**PROBLEM TO WORK ON**
Look through the entries below and extract exactly the lines from the one containing "f S \<longleftrightarrow>" through the one containing "its first and", ends included.

Collected data entries
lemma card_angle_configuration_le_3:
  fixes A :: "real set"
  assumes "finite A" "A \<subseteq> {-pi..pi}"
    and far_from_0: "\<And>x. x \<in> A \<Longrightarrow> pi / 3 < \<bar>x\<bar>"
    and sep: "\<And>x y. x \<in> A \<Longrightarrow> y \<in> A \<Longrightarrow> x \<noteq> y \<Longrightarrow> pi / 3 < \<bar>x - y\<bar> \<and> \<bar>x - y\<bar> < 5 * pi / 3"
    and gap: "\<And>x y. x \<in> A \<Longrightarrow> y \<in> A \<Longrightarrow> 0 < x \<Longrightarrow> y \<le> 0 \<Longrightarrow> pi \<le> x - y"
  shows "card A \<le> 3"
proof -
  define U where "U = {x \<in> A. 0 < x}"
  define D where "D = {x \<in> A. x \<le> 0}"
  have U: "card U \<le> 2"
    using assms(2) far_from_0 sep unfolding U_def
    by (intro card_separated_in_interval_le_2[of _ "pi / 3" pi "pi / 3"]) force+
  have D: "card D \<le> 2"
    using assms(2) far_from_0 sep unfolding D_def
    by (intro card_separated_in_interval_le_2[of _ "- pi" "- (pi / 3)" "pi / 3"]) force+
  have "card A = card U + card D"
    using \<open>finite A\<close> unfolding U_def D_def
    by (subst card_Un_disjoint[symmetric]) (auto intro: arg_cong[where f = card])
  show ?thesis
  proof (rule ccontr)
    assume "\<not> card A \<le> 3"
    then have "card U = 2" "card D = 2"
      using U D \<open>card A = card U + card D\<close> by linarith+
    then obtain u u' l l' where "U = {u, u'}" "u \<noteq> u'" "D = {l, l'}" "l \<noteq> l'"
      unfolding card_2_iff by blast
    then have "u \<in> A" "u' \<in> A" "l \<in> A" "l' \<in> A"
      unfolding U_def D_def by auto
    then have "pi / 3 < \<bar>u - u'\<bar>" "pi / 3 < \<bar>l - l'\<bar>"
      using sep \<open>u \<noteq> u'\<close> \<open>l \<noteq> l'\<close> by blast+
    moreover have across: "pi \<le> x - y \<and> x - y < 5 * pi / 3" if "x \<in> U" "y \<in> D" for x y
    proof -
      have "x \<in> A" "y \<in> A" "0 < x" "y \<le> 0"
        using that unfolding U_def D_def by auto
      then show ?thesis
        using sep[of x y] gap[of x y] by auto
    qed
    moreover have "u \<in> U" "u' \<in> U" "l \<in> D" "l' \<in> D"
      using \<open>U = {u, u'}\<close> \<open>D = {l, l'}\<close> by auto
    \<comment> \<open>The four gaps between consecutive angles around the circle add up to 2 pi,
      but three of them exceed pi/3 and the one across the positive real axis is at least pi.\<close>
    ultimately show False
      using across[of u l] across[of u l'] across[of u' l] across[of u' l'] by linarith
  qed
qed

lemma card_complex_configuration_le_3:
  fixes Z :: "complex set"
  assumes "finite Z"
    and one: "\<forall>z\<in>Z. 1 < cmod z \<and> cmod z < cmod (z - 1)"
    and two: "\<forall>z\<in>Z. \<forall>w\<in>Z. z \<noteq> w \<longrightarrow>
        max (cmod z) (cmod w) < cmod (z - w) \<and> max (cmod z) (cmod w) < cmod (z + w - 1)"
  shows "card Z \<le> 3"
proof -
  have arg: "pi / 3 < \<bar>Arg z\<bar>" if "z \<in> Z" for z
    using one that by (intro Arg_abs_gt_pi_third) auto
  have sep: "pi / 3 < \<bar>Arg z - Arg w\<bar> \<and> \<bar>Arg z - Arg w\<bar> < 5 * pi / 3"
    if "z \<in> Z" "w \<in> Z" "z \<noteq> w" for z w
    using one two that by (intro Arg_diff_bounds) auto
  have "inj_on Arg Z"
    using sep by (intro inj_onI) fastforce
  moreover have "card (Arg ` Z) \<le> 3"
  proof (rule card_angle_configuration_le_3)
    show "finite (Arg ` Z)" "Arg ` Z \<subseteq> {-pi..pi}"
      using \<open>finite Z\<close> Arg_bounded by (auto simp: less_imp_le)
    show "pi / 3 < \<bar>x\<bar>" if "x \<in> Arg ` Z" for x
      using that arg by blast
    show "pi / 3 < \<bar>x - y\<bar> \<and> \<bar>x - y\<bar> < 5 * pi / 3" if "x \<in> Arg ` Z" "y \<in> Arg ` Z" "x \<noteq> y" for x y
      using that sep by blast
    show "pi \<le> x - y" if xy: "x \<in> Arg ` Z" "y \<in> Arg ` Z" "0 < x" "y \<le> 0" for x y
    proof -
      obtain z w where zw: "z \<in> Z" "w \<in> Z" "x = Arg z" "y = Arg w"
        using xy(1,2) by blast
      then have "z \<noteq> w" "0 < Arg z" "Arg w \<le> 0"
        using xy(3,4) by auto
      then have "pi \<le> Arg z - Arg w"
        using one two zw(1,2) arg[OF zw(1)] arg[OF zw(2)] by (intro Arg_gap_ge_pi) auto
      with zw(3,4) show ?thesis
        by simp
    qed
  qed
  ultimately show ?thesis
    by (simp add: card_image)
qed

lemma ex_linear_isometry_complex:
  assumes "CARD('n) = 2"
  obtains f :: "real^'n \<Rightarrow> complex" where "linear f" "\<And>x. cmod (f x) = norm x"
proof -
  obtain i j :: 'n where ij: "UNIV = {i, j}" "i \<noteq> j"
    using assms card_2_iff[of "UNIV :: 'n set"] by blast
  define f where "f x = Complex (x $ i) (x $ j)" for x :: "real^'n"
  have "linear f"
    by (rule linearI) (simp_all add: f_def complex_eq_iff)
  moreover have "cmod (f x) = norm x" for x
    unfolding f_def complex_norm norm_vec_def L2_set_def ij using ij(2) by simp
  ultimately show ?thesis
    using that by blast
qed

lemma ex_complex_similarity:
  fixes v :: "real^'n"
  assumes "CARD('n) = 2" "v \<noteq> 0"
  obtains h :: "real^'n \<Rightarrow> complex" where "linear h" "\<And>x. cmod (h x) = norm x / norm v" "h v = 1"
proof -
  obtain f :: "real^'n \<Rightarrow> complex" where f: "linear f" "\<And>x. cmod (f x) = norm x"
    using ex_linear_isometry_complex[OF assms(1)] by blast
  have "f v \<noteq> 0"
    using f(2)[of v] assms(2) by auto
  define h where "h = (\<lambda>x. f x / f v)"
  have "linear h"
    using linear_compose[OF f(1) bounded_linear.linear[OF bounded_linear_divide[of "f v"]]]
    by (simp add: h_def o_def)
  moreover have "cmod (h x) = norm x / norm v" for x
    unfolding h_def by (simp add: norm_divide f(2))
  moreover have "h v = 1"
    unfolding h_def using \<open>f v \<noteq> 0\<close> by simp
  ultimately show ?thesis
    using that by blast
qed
==
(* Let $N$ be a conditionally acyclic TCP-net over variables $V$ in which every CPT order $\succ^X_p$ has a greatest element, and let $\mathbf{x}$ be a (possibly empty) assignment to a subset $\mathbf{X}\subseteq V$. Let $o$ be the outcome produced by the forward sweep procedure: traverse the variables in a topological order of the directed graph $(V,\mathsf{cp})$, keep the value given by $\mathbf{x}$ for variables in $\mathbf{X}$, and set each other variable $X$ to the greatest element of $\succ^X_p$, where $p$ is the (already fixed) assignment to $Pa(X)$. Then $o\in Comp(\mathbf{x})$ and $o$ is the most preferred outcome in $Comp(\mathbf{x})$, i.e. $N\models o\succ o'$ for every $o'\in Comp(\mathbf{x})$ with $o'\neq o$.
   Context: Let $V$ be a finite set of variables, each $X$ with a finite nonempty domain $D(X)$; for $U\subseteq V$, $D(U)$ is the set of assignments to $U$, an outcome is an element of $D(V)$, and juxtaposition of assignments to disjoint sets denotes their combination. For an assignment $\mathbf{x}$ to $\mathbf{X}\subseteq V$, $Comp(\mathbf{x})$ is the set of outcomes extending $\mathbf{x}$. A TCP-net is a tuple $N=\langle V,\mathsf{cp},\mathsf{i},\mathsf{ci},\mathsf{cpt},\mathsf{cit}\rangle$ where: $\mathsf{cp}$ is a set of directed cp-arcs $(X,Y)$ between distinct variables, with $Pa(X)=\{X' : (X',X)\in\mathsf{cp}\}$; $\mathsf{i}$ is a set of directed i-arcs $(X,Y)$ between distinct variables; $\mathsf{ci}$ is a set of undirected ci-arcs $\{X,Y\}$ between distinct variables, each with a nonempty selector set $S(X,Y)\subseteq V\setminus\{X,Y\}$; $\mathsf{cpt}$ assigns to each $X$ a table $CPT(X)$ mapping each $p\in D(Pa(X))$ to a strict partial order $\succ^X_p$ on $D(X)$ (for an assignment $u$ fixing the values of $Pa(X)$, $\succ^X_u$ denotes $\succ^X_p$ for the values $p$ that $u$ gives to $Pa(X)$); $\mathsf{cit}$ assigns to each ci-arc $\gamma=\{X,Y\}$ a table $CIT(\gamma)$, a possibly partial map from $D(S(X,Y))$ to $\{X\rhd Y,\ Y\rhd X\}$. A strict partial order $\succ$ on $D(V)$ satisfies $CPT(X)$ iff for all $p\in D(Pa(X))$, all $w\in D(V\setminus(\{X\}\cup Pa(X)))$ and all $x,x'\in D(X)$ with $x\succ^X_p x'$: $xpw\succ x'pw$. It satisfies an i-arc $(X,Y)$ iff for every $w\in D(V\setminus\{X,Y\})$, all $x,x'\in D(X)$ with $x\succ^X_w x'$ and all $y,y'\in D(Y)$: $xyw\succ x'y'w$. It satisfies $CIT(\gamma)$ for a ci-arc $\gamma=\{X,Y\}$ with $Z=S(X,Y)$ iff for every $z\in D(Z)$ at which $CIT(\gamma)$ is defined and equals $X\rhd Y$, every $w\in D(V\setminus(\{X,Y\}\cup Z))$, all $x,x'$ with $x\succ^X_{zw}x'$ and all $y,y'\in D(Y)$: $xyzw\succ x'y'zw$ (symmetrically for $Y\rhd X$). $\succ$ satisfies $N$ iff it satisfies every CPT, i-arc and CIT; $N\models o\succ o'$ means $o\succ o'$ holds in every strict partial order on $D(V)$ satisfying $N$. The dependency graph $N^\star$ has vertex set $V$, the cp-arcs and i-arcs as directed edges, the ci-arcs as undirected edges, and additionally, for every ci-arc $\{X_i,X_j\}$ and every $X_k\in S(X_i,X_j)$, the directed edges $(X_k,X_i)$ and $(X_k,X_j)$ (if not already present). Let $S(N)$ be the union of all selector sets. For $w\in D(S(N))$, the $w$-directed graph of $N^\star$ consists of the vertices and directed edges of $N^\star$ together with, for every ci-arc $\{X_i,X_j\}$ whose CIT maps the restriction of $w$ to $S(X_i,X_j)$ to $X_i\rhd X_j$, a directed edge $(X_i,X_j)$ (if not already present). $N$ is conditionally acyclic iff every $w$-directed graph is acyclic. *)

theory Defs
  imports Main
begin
...
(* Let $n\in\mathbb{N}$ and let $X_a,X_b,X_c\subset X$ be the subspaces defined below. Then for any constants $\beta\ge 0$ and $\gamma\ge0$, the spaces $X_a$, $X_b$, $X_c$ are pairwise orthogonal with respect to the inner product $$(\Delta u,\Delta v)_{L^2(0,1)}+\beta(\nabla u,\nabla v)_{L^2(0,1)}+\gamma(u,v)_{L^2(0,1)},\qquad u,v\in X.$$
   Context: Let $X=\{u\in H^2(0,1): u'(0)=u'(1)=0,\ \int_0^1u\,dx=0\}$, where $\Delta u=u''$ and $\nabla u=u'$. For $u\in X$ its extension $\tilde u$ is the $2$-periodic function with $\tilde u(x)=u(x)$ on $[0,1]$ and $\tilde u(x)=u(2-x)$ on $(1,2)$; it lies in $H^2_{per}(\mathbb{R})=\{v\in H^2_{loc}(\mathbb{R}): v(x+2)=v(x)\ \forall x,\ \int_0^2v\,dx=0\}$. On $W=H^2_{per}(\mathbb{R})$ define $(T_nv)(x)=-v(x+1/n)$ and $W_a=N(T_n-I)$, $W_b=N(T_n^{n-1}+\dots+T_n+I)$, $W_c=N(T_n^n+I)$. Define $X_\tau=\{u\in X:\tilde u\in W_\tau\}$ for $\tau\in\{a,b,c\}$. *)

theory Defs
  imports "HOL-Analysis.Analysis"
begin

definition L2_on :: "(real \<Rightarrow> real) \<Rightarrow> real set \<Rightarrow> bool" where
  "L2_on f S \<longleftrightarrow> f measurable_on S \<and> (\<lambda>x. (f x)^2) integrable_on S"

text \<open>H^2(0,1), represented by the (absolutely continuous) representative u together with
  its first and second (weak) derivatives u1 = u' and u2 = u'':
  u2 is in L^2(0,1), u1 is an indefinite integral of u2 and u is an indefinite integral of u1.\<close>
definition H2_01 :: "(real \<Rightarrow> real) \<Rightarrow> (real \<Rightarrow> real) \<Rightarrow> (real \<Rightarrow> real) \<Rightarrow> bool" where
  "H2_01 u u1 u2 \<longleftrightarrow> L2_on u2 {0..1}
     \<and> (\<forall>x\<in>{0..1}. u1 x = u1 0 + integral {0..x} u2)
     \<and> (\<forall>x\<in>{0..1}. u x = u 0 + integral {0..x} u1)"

**ANSWER TO THIS TASK**
  "L2_on f S \<longleftrightarrow> f measurable_on S \<and> (\<lambda>x. (f x)^2) integrable_on S"

text \<open>H^2(0,1), represented by the (absolutely continuous) representative u together with
  its first and second (weak) derivatives u1 = u' and u2 = u'':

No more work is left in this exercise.